Data Science using Python and R - 5 Flashcards
What is the first phase discussed in Chapter 3 of the Data Science Methodology?
Problem Understanding Phase
What are the important tasks in the Setup Phase?
- Partitioning the data
- Validating the data partition
- Balancing the data
- Establishing baseline model performance
What is the primary reason data science does not use the statistical inference paradigm?
Statistical significance can occur without practical significance in large sample sizes
What is data dredging?
Uncovering spurious results due to random variation rather than real effects
What technique helps avoid data dredging?
Cross-validation
What are the two common methods of cross-validation?
- Twofold cross-validation
- K-fold cross-validation
What does the training data set contain in a twofold cross-validation?
Records with complete data
What is the purpose of the test data set in cross-validation?
To evaluate predictions against true target values
What percentage of data is typically used for training in complex data sets?
75–90%
What command is used to partition data in Python?
train_test_split()
What function is used in R to set the random number generator seed?
set.seed()
What statistical test is used for numerical variables to check for differences between training and test sets?
Two-sample t-test
What is the purpose of balancing the training data set?

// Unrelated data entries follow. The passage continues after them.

lemma (in group) subgroup_integer_group_exponents:
  assumes U: "subgroup U G" and N: "subgroup N G" and g: "g \<in> carrier G"
    and normal: "\<And>z n. n \<in> N \<Longrightarrow> g [^] (z::int) \<otimes> n \<otimes> inv (g [^] z) \<in> N"
  shows "subgroup {z::int. \<exists>n\<in>N. g [^] z \<otimes> n \<in> U} integer_group"
proof (rule subgroup_integer_groupI)
  show "0 \<in> {z::int. \<exists>n\<in>N. g [^] z \<otimes> n \<in> U}"
    using subgroup.one_closed[OF U] subgroup.one_closed[OF N] by force
next
  fix x y assume "x \<in> {z::int. \<exists>n\<in>N. g [^] z \<otimes> n \<in> U}" "y \<in> {z::int. \<exists>n\<in>N. g [^] z \<otimes> n \<in> U}"
  then obtain n1 n2 where n: "n1 \<in> N" "n2 \<in> N" and u: "g [^] x \<otimes> n1 \<in> U" "g [^] y \<otimes> n2 \<in> U"
    by blast
  have nc: "n1 \<in> carrier G" "n2 \<in> carrier G" using n subgroup.mem_carrier[OF N] by auto
  define n' where "n' = g [^] y \<otimes> (n1 \<otimes> inv n2) \<otimes> inv (g [^] y)"
  have "n' \<in> N" unfolding n'_def
    using n by (intro normal) (simp add: subgroup.m_closed[OF N] subgroup.m_inv_closed[OF N])
  moreover have "(g [^] x \<otimes> n1) \<otimes> inv (g [^] y \<otimes> n2) = g [^] (x - y) \<otimes> n'"
    unfolding n'_def using nc g by (simp add: int_pow_diff inv_mult_group m_assoc)
  moreover have "(g [^] x \<otimes> n1) \<otimes> inv (g [^] y \<otimes> n2) \<in> U"
    using u by (simp add: subgroup.m_closed[OF U] subgroup.m_inv_closed[OF U])
  ultimately show "x - y \<in> {z::int. \<exists>n\<in>N. g [^] z \<otimes> n \<in> U}" by auto
qed

lemma (in group) acc_subgroups_cyclic_extension:
  assumes N: "subgroup N G" and g: "g \<in> carrier G"
    and decomp: "\<And>x. x \<in> K \<Longrightarrow> \<exists>z::int. \<exists>n\<in>N. x = g [^] z \<otimes> n"
    and normal: "\<And>z n. n \<in> N \<Longrightarrow> g [^] (z::int) \<otimes> n \<otimes> inv (g [^] z) \<in> N"
    and acc: "acc_subgroups G N"
  shows "acc_subgroups G K"
proof (rule acc_subgroupsI)
  fix U :: "nat \<Rightarrow> 'a set" assume U: "\<And>i. subgroup (U i) G" and UK: "\<And>i. U i \<subseteq> K"
    and mono: "\<And>i j. i \<le> j \<Longrightarrow> U i \<subseteq> U j"
  have Nc: "N \<subseteq> carrier G" using subgroup.subset[OF N] .
  obtain m1 where m1: "\<And>i. m1 \<le> i \<Longrightarrow> U i \<inter> N = U m1 \<inter> N"
  proof (rule acc_subgroupsE[OF acc])
    show "subgroup (U i \<inter> N) G" for i by (rule subgroups_Inter_pair[OF U N])
    show "U i \<inter> N \<subseteq> U (Suc i) \<inter> N" for i :: nat using mono[of i "Suc i"] by auto
  qed (auto intro: that)
  define E where "E i = {z::int. \<exists>n\<in>N. g [^] z \<otimes> n \<in> U i}" for i
  have E: "subgroup (E i) integer_group" for i
    unfolding E_def using U N g normal by (rule subgroup_integer_group_exponents)
  obtain m2 where m2: "\<And>i. m2 \<le> i \<Longrightarrow> E i = E m2"
  proof (rule acc_subgroupsE[OF acc_subgroups_integer_group E])
    show "E i \<subseteq> E (Suc i)" for i :: nat using mono[of i "Suc i"] by (auto simp: E_def)
  qed (auto intro: that)
  define m where "m = max m1 m2"
  have "U m = U i" if "m \<le> i" for i
  proof (rule subgroup_eqI_Int_set_mult[OF U U Nc mono])
    show "m \<le> i" using that .
    have "U i \<inter> N = U m \<inter> N" using m1[of i] m1[of m] that by (simp add: m_def)
    then show "U i \<inter> N \<subseteq> U m" by blast
    show "U i \<subseteq> U m <#> N"
    proof
      fix v assume v: "v \<in> U i"
      then obtain z n where n: "n \<in> N" and vzn: "v = g [^] (z::int) \<otimes> n"
        using decomp UK by blast
      have "z \<in> E m" using m2[of i] m2[of m] that v n vzn by (auto simp: m_def E_def)
      then obtain n' where n': "n' \<in> N" and u: "g [^] z \<otimes> n' \<in> U m"
        unfolding E_def by blast
      have "v = (g [^] z \<otimes> n') \<otimes> (inv n' \<otimes> n)"
        using vzn g subsetD[OF Nc n] subsetD[OF Nc n'] by (simp add: m_assoc)
      moreover have "inv n' \<otimes> n \<in> N"
        using n n' by (simp add: subgroup.m_closed[OF N] subgroup.m_inv_closed[OF N])
      ultimately show "v \<in> U m <#> N" using u unfolding set_mult_def by blast
    qed
  qed
  then show "\<exists>m. \<forall>i\<ge>m. U i = U m" by metis
qed

lemma (in group) surj_endomorphism_inj_if_acc_subgroups:
  assumes f: "f \<in> hom G G" and surj: "f ` carrier G = carrier G"
    and acc: "acc_subgroups G (carrier G)"
  shows "inj_on f (carrier G)"
proof -
  have hom: "f ^^ n \<in> hom G G" for n
    by (induct n) (use f in \<open>auto simp: hom_def Pi_iff\<close>)
  have onto: "(f ^^ n) ` carrier G = carrier G" for n
  proof (induct n)
    case (Suc n)
    have "(f ^^ Suc n) ` carrier G = f ` ((f ^^ n) ` carrier G)" by (simp add: image_image)
    then show ?case using Suc surj by simp
  qed simp
  have gh: "group_hom G G (f ^^ n)" for n
    using hom by (simp add: group_hom_def group_hom_axioms_def)
  have gh1: "group_hom G G f" using gh[of 1] by simp
  obtain m where m: "\<And>i. m \<le> i \<Longrightarrow> kernel G G (f ^^ i) = kernel G G (f ^^ m)"
  proof (rule acc_subgroupsE[OF acc])
    show "subgroup (kernel G G (f ^^ n)) G" for n by (rule group_hom.subgroup_kernel[OF gh])
    show "kernel G G (f ^^ n) \<subseteq> kernel G G (f ^^ Suc n)" for n :: nat
      using group_hom.hom_one[OF gh1] by (auto simp: kernel_def)
  qed (auto simp: kernel_def intro: that)
  have "kernel G G f = {\<one>}"
  proof (intro equalityI subsetI)
    fix x assume x: "x \<in> kernel G G f"
    then obtain y where y: "y \<in> carrier G" "x = (f ^^ m) y"
      using onto[of m] by (auto simp: kernel_def)
    then have "y \<in> kernel G G (f ^^ Suc m)" using x by (simp add: kernel_def)
    then have "y \<in> kernel G G (f ^^ m)" using m[of "Suc m"] by simp
    then show "x \<in> {\<one>}" using y by (simp add: kernel_def)
  qed (simp add: kernel_def group_hom.hom_one[OF gh1])
  then show ?thesis using group_hom.trivial_ker_imp_inj[OF gh1] by simp
qed

lemma (in group) inv_conj_eq:
  assumes "x \<in> carrier G" "y \<in> carrier G" "a \<in> carrier G" "x \<otimes> y = y \<otimes> a"
  shows "inv x \<otimes> y = y \<otimes> inv a"
proof -
  have "inv x \<otimes> (x \<otimes> y) \<otimes> inv a = inv x \<otimes> (y \<otimes> a) \<otimes> inv a" using assms(4) by simp
  then show ?thesis using assms(1-3) by (simp add: m_assoc)
qed

section \<open>The group defined by a subpresentation\<close>

lemma words_over_Nil [simp]: "[] \<in> words_over P s"
  by (simp add: words_over_def)

lemma words_over_Cons [simp]:
  "x # w \<in> words_over P s \<longleftrightarrow> s \<le> fst x \<and> fst x \<le> ngen P \<and> w \<in> words_over P s"
  by (auto simp: words_over_def)

lemma words_over_append [simp]:
  "u @ w \<in> words_over P s \<longleftrightarrow> u \<in> words_over P s \<and> w \<in> words_over P s"
  by (auto simp: words_over_def)

lemma words_over_antimono: "w \<in> words_over P s' \<Longrightarrow> s \<le> s' \<Longrightarrow> w \<in> words_over P s"
  by (auto simp: words_over_def)

lemma inv_word_words_over [simp]: "inv_word w \<in> words_over P s \<longleftrightarrow> w \<in> words_over P s"
  by (auto simp: inv_word_def words_over_def)

lemma gvec_letter: "x \<in> set (gvec P i v) \<Longrightarrow> Suc i \<le> fst x \<and> fst x \<le> ngen P"
  by (auto simp: gvec_def gpow_def)

lemma gvec_words_over: "gvec P i v \<in> words_over P (Suc i)"
  by (auto simp: words_over_def dest: gvec_letter)

lemma gvec_words_over_2: "1 \<le> i \<Longrightarrow> gvec P i v \<in> words_over P 2"
  using words_over_antimono[OF gvec_words_over] by simp

lemma pres_rel_words_over: "pres_rel P s l r \<Longrightarrow> l \<in> words_over P s \<and> r \<in> words_over P s"
  by (induct rule: pres_rel.induct)
     (auto simp: words_over_def dest!: gvec_letter)

lemma peq_words_over: "peq P s u v \<Longrightarrow> u \<in> words_over P s \<and> v \<in> words_over P s"
  by (induct rule: peq.induct) (auto dest: pres_rel_words_over)

lemma pres_rel_antimono: "pres_rel P s' l r \<Longrightarrow> s \<le> s' \<Longrightarrow> pres_rel P s l r"
  by (induct rule: pres_rel.induct) (auto intro: pres_rel.intros)

lemma peq_antimono: "peq P s' u v \<Longrightarrow> s \<le> s' \<Longrightarrow> peq P s u v"
proof (induct rule: peq.induct)
  case (refl w)
  then show ?case by (auto intro: peq.refl words_over_antimono)
next
  case (sym u v)
  then have "peq P s u v" by simp
  then show ?case by (rule peq.sym)
next
  case (trans u v w)
  then show ?case by (meson peq.trans)
next
  case (rel l r u v)
  then show ?case
    using peq.rel[OF pres_rel_antimono words_over_antimono words_over_antimono] by blast
next
  case (free i u v b)
  then show ?case using peq.free[of s i P u v b] words_over_antimono by auto
qed

lemma peq_append_left: "peq P s u v \<Longrightarrow> x \<in> words_over P s \<Longrightarrow> peq P s (x @ u) (x @ v)"
proof (induct rule: peq.induct)
  case (refl w)
  then show ?case by (simp add: peq.refl)
next
  case (sym u v)
  then have "peq P s (x @ u) (x @ v)" by simp
  then show ?case by (rule peq.sym)
next
  case (trans u v w)
  then show ?case by (meson peq.trans)
next
  case (rel l r u v)
  then show ?case using peq.rel[of P s l r "x @ u" v] by simp
next
  case (free i u v b)
  then show ?case using peq.free[of s i P "x @ u" v b] by simp
qed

To provide a rich selection of records for each category
What is resampling?
Sampling at random and with replacement from a data set
What should the test data set never be?
Balanced
What is the formula to calculate the number of resampled records needed?
x = (p * records) / rare
In Python, what command is used to check the count of a specific response in the training data set?
value_counts()
What command is used in Python to concatenate two data sets?
pd.concat()
What does the output of bank_train_rebal[’response’].value_counts() show after rebalancing?
The new counts of ‘yes’ responses in the rebalanced training set
What is the purpose of validating your partition?
To ensure the training and test sets do not differ systematically
What is the desired proportion of fraudulent transactions in a balanced training set example?
25%
True or False: The test set should be balanced to improve model performance.
False
Fill in the blank: The command used in R to find the number of ‘yes’ responses is _______.
table()
What percentage of the training data set had ‘yes’ responses before resampling?
11%
This percentage indicates the initial distribution of ‘yes’ responses in the training dataset.
What percentage of ‘yes’ responses do we aim for after resampling?
30%
This target percentage is set to increase the representation of rare records in the training data.
How many ‘yes’ records do we need to resample to achieve the target percentage?
850
This number is calculated based on the total records and desired proportion.
What command is used to identify the indices of records with ‘yes’ responses?
which()
This command returns the row numbers corresponding to records meeting the specified condition.
What does the command sample(x = to.resample, size = 850, replace = TRUE) do?
It randomly samples 850 records with replacement from the specified indices.
The replace = TRUE input allows for the same record to be selected multiple times.
What is the purpose of the rbind() command in the context of resampling?
To append the resampled records to the original training data set.
rbind() combines two datasets by stacking them vertically.
What is the output of the table command after rebalancing?
A table showing the count and proportion of ‘yes’ and ‘no’ responses.
This helps confirm the effectiveness of the resampling process.
What must a model’s accuracy exceed to be considered useful in the fraud detection scenario?
99%
This is the accuracy of an ‘all negative’ model that classifies all records as non-fraudulent.
What are the two baseline models for binary classification?
- All Positive Model
- All Negative Model
These models serve as a reference for evaluating the performance of more complex models.
What is the accuracy of the All Positive Model?
p
p represents the proportion of positive records in the dataset.
What is the accuracy of the All Negative Model?
1 - p
This represents the proportion of negative records in the dataset.
What is the Biggest Category Model in k-nary classification?
Assign all predictions to the largest category.
Its accuracy is pmax, the highest proportion of any single category.
What is the y y model used for in regression?
It compares estimates against the mean response.
This model serves as a baseline for evaluating regression performance.
What is the optimal benchmark for calibrating model performance?
The current gold standard model performance.
This benchmark is based on established literature or proprietary business models.
What are the four tasks that should be undertaken during the Setup Phase?
- Partitioning the data
- Validating the data partition
- Balancing the data
- Establishing baseline model performance
These steps are essential for preparing data for analysis.
True or false: There is no baseline model for k-nary classification.
False
The Biggest Category Model serves as a baseline for k-nary classification.
What is balancing in the context of data preparation?
The process of adjusting the dataset to ensure a more even distribution of response categories.
Balancing is particularly important for handling rare events in classification tasks.
What is resampling?
The process of selecting records from a dataset to create a new sample.
This technique can be used to adjust the proportions of different response categories in the dataset.